What needs to be done: Write out the whole listing exactly as it stands.

(Beginning of Extracted information)

lemma
  assumes "mpt M T" "S \<in> sets M"
  shows mpt_vimage_sets: "T -` S \<inter> space M \<in> sets M"
    and mpt_measure_vimage: "measure M (T -` S \<inter> space M) = measure M S"
proof -
  have T: "T \<in> measurable M M" "distr M M T = M" using assms(1) unfolding mpt_def by auto
  show "T -` S \<inter> space M \<in> sets M" using T(1) assms(2) by measurable
  show "measure M (T -` S \<inter> space M) = measure M S"
    using measure_distr[OF T(1) assms(2)] T(2) by simp
qed

lemma hitting_time_le_enat_iff:
  "hitting_time T Y x \<le> enat N \<longleftrightarrow> (\<exists>n\<in>{1..N}. (T ^^ n) x \<in> Y)"
proof (cases "\<exists>n\<ge>1. (T ^^ n) x \<in> Y")
  case True
  let ?l = "LEAST n. n \<ge> 1 \<and> (T ^^ n) x \<in> Y"
  have "?l \<ge> 1 \<and> (T ^^ ?l) x \<in> Y" by (rule LeastI_ex) (use True in blast)
  then show ?thesis
    using True by (auto simp: hitting_time_def intro: le_trans[OF Least_le])
qed (auto simp: hitting_time_def)

lemma hitting_time_le_set:
  "{x \<in> space M. hitting_time T Y x \<le> enat N} = (\<Union>n\<in>{1..N}. (T ^^ n) -` Y \<inter> space M)"
  by (auto simp: hitting_time_le_enat_iff)

lemma sets_hitting_time_le:
  assumes "mpt M T" "Y \<in> sets M"
  shows "{x \<in> space M. hitting_time T Y x \<le> enat N} \<in> sets M"
  unfolding hitting_time_le_set
  using mpt_vimage_sets[OF mpt_funpow[OF assms(1)] assms(2)] by (intro sets.finite_UN) auto

lemma measure_hitting_time_le:
  assumes "finite_measure M" "mpt M T" "Y \<in> sets M"
  shows "measure M {x \<in> space M. hitting_time T Y x \<le> enat N} \<le> N * measure M Y"
proof -
  interpret finite_measure M by fact
  have "measure M (\<Union>n\<in>{1..N}. (T ^^ n) -` Y \<inter> space M)
      \<le> (\<Sum>n\<in>{1..N}. measure M ((T ^^ n) -` Y \<inter> space M))"
    using mpt_vimage_sets[OF mpt_funpow[OF assms(2)] assms(3)]
    by (intro finite_measure_subadditive_finite) auto
  then show ?thesis
    by (simp add: hitting_time_le_set mpt_measure_vimage[OF mpt_funpow[OF assms(2)] assms(3)])
qed

lemma abs_cont_prob_density:
  assumes "prob_space M" "abs_cont_prob M \<nu>"
  obtains f where "f \<in> borel_measurable M" "\<nu> = density M f"
proof -
  interpret prob_space M by fact
  have "absolutely_continuous M \<nu>" "sets \<nu> = sets M"
    using assms(2) unfolding abs_cont_prob_def by auto
  then obtain f where "f \<in> borel_measurable M" "density M f = \<nu>"
    using Radon_Nikodym by blast
  then show ?thesis using that by simp
qed

lemma emeasure_density_le_superlevel:
  assumes f: "f \<in> borel_measurable M" and B: "B \<in> sets M"
  shows "emeasure (density M f) B
         \<le> emeasure (density M f) {x \<in> space M. c < f x} + c * emeasure M B"
proof -
  have S: "{x \<in> space M. c < f x} \<in> sets M" using f by measurable
  have "emeasure (density M f) B = (\<integral>\<^sup>+x. f x * indicator B x \<partial>M)"
    using f B by (rule emeasure_density)
  also have "\<dots> \<le> (\<integral>\<^sup>+x. f x * indicator {x \<in> space M. c < f x} x + c * indicator B x \<partial>M)"
  proof (intro nn_integral_mono)
    fix x assume "x \<in> space M"
    then show "f x * indicator B x \<le> f x * indicator {x \<in> space M. c < f x} x + c * indicator B x"
      by (cases "c < f x"; cases "x \<in> B") (simp_all add: not_less)
  qed
  also have "\<dots> = emeasure (density M f) {x \<in> space M. c < f x} + c * emeasure M B"
    using f B S by (simp add: nn_integral_add emeasure_density nn_integral_cmult_indicator)
  finally show ?thesis .
qed

lemma density_superlevel_tendsto_0:
  assumes f: "f \<in> borel_measurable M" and "finite_measure (density M f)"
  shows "(\<lambda>n. measure (density M f) {x \<in> space M. of_nat n < f x}) \<longlonglongrightarrow> 0"
proof -
  interpret N: finite_measure "density M f" by fact
  define S where "S n = {x \<in> space M. of_nat n < f x}" for n :: nat
  have S_sets: "S n \<in> sets M" for n unfolding S_def using f by measurable
  have "integral\<^sup>N M f = (\<integral>\<^sup>+x. f x * indicator (space M) x \<partial>M)"
    by (intro nn_integral_cong) simp
  also have "\<dots> = emeasure (density M f) (space M)"
    by (rule emeasure_density[OF f sets.top, symmetric])
  finally have "integral\<^sup>N M f = emeasure (density M f) (space M)" .
  then have "AE x in M. f x \<noteq> \<infinity>"
    using N.emeasure_finite[of "space M"] by (intro nn_integral_PInf_AE[OF f]) simp
  then have "AE x in M. x \<in> (\<Inter>n. S n) \<longrightarrow> f x = 0"
  proof eventually_elim
    case (elim x)
    then have "f x < top" by (simp add: less_top[symmetric])
    then obtain n where "f x < of_nat n"
      using ennreal_Ex_less_of_nat by blast
    then have "x \<notin> S n" by (simp add: S_def not_less order.strict_implies_order)
    then show ?case by blast
  qed
  then have "(\<Inter>n. S n) \<in> null_sets (density M f)"
    using S_sets by (subst null_sets_density_iff[OF f]) auto
  moreover have "(\<lambda>n. measure (density M f) (S n)) \<longlonglongrightarrow> measure (density M f) (\<Inter>n. S n)"
    using S_sets by (intro N.finite_Lim_measure_decseq)
      (auto simp: decseq_def S_def intro: order.strict_trans1[rotated])
  ultimately have "(\<lambda>n. measure (density M f) (S n)) \<longlonglongrightarrow> 0"
    by (simp add: measure_eq_0_null_sets)
  then show ?thesis unfolding S_def .
qed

(End of Extracted information)

Written response:
lemma
  assumes "mpt M T" "S \<in> sets M"
  shows mpt_vimage_sets: "T -` S \<inter> space M \<in> sets M"
    and mpt_measure_vimage: "measure M (T -` S \<inter> space M) = measure M S"
proof -
  have T: "T \<in> measurable M M" "distr M M T = M" using assms(1) unfolding mpt_def by auto
  show "T -` S \<inter> space M \<in> sets M" using T(1) assms(2) by measurable
  show "measure M (T -` S \<inter> space M) = measure M S"
    using measure_distr[OF T(1) assms(2)] T(2) by simp
qed

lemma hitting_time_le_enat_iff:
  "hitting_time T Y x \<le> enat N \<longleftrightarrow> (\<exists>n\<in>{1..N}. (T ^^ n) x \<in> Y)"
proof (cases "\<exists>n\<ge>1. (T ^^ n) x \<in> Y")
  case True
  let ?l = "LEAST n. n \<ge> 1 \<and> (T ^^ n) x \<in> Y"
  have "?l \<ge> 1 \<and> (T ^^ ?l) x \<in> Y" by (rule LeastI_ex) (use True in blast)
  then show ?thesis
    using True by (auto simp: hitting_time_def intro: le_trans[OF Least_le])
qed (auto simp: hitting_time_def)

lemma hitting_time_le_set:
  "{x \<in> space M. hitting_time T Y x \<le> enat N} = (\<Union>n\<in>{1..N}. (T ^^ n) -` Y \<inter> space M)"
  by (auto simp: hitting_time_le_enat_iff)

lemma sets_hitting_time_le:
  assumes "mpt M T" "Y \<in> sets M"
  shows "{x \<in> space M. hitting_time T Y x \<le> enat N} \<in> sets M"
  unfolding hitting_time_le_set
  using mpt_vimage_sets[OF mpt_funpow[OF assms(1)] assms(2)] by (intro sets.finite_UN) auto

lemma measure_hitting_time_le:
  assumes "finite_measure M" "mpt M T" "Y \<in> sets M"
  shows "measure M {x \<in> space M. hitting_time T Y x \<le> enat N} \<le> N * measure M Y"
proof -
  interpret finite_measure M by fact
  have "measure M (\<Union>n\<in>{1..N}. (T ^^ n) -` Y \<inter> space M)
      \<le> (\<Sum>n\<in>{1..N}. measure M ((T ^^ n) -` Y \<inter> space M))"
    using mpt_vimage_sets[OF mpt_funpow[OF assms(2)] assms(3)]
    by (intro finite_measure_subadditive_finite) auto
  then show ?thesis
    by (simp add: hitting_time_le_set mpt_measure_vimage[OF mpt_funpow[OF assms(2)] assms(3)])
qed

lemma abs_cont_prob_density:
  assumes "prob_space M" "abs_cont_prob M \<nu>"
  obtains f where "f \<in> borel_measurable M" "\<nu> = density M f"
proof -
  interpret prob_space M by fact
  have "absolutely_continuous M \<nu>" "sets \<nu> = sets M"
    using assms(2) unfolding abs_cont_prob_def by auto
  then obtain f where "f \<in> borel_measurable M" "density M f = \<nu>"
    using Radon_Nikodym by blast
  then show ?thesis using that by simp
qed

lemma emeasure_density_le_superlevel:
  assumes f: "f \<in> borel_measurable M" and B: "B \<in> sets M"
  shows "emeasure (density M f) B
         \<le> emeasure (density M f) {x \<in> space M. c < f x} + c * emeasure M B"
proof -
  have S: "{x \<in> space M. c < f x} \<in> sets M" using f by measurable
  have "emeasure (density M f) B = (\<integral>\<^sup>+x. f x * indicator B x \<partial>M)"
    using f B by (rule emeasure_density)
  also have "\<dots> \<le> (\<integral>\<^sup>+x. f x * indicator {x \<in> space M. c < f x} x + c * indicator B x \<partial>M)"
  proof (intro nn_integral_mono)
    fix x assume "x \<in> space M"
    then show "f x * indicator B x \<le> f x * indicator {x \<in> space M. c < f x} x + c * indicator B x"
      by (cases "c < f x"; cases "x \<in> B") (simp_all add: not_less)
  qed
  also have "\<dots> = emeasure (density M f) {x \<in> space M. c < f x} + c * emeasure M B"
    using f B S by (simp add: nn_integral_add emeasure_density nn_integral_cmult_indicator)
  finally show ?thesis .
qed

lemma density_superlevel_tendsto_0:
  assumes f: "f \<in> borel_measurable M" and "finite_measure (density M f)"
  shows "(\<lambda>n. measure (density M f) {x \<in> space M. of_nat n < f x}) \<longlonglongrightarrow> 0"
proof -
  interpret N: finite_measure "density M f" by fact
  define S where "S n = {x \<in> space M. of_nat n < f x}" for n :: nat
  have S_sets: "S n \<in> sets M" for n unfolding S_def using f by measurable
  have "integral\<^sup>N M f = (\<integral>\<^sup>+x. f x * indicator (space M) x \<partial>M)"
    by (intro nn_integral_cong) simp
  also have "\<dots> = emeasure (density M f) (space M)"
    by (rule emeasure_density[OF f sets.top, symmetric])
  finally have "integral\<^sup>N M f = emeasure (density M f) (space M)" .
  then have "AE x in M. f x \<noteq> \<infinity>"
    using N.emeasure_finite[of "space M"] by (intro nn_integral_PInf_AE[OF f]) simp
  then have "AE x in M. x \<in> (\<Inter>n. S n) \<longrightarrow> f x = 0"
  proof eventually_elim
    case (elim x)
    then have "f x < top" by (simp add: less_top[symmetric])
    then obtain n where "f x < of_nat n"
      using ennreal_Ex_less_of_nat by blast
    then have "x \<notin> S n" by (simp add: S_def not_less order.strict_implies_order)
    then show ?case by blast
  qed
  then have "(\<Inter>n. S n) \<in> null_sets (density M f)"
    using S_sets by (subst null_sets_density_iff[OF f]) auto
  moreover have "(\<lambda>n. measure (density M f) (S n)) \<longlonglongrightarrow> measure (density M f) (\<Inter>n. S n)"
    using S_sets by (intro N.finite_Lim_measure_decseq)
      (auto simp: decseq_def S_def intro: order.strict_trans1[rotated])
  ultimately have "(\<lambda>n. measure (density M f) (S n)) \<longlonglongrightarrow> 0"
    by (simp add: measure_eq_0_null_sets)
  then show ?thesis unfolding S_def .
qed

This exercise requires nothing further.